(Dataset entries)

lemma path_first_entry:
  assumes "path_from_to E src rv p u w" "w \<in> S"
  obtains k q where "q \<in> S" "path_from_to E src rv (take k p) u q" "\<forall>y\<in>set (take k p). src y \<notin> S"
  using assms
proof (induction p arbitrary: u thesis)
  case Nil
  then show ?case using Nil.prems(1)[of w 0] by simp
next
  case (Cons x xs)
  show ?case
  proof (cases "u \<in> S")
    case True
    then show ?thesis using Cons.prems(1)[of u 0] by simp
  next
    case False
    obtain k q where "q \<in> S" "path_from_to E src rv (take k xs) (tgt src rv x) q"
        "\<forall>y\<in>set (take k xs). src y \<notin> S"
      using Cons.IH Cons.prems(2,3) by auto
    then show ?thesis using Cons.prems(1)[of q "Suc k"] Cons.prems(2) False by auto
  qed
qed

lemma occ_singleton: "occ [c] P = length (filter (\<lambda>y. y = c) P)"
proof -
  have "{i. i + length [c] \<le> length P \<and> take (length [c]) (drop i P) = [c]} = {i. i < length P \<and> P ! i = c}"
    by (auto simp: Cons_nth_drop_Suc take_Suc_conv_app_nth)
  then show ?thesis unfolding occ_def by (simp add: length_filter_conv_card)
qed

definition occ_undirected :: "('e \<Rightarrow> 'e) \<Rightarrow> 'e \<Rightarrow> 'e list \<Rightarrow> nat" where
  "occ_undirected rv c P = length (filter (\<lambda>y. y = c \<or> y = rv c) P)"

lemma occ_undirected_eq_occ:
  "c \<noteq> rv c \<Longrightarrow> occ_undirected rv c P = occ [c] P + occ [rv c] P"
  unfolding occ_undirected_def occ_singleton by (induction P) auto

**About this task**
Could you set down, word for word, only the lines above from the line with "using Cons.IH Cons.prems(2,3) by auto" to the line with "c P = length", including both?

**Exercise answer**
      using Cons.IH Cons.prems(2,3) by auto
    then show ?thesis using Cons.prems(1)[of q "Suc k"] Cons.prems(2) False by auto
  qed
qed

lemma occ_singleton: "occ [c] P = length (filter (\<lambda>y. y = c) P)"
proof -
  have "{i. i + length [c] \<le> length P \<and> take (length [c]) (drop i P) = [c]} = {i. i < length P \<and> P ! i = c}"
    by (auto simp: Cons_nth_drop_Suc take_Suc_conv_app_nth)
  then show ?thesis unfolding occ_def by (simp add: length_filter_conv_card)
qed

definition occ_undirected :: "('e \<Rightarrow> 'e) \<Rightarrow> 'e \<Rightarrow> 'e list \<Rightarrow> nat" where
  "occ_undirected rv c P = length (filter (\<lambda>y. y = c \<or> y = rv c) P)"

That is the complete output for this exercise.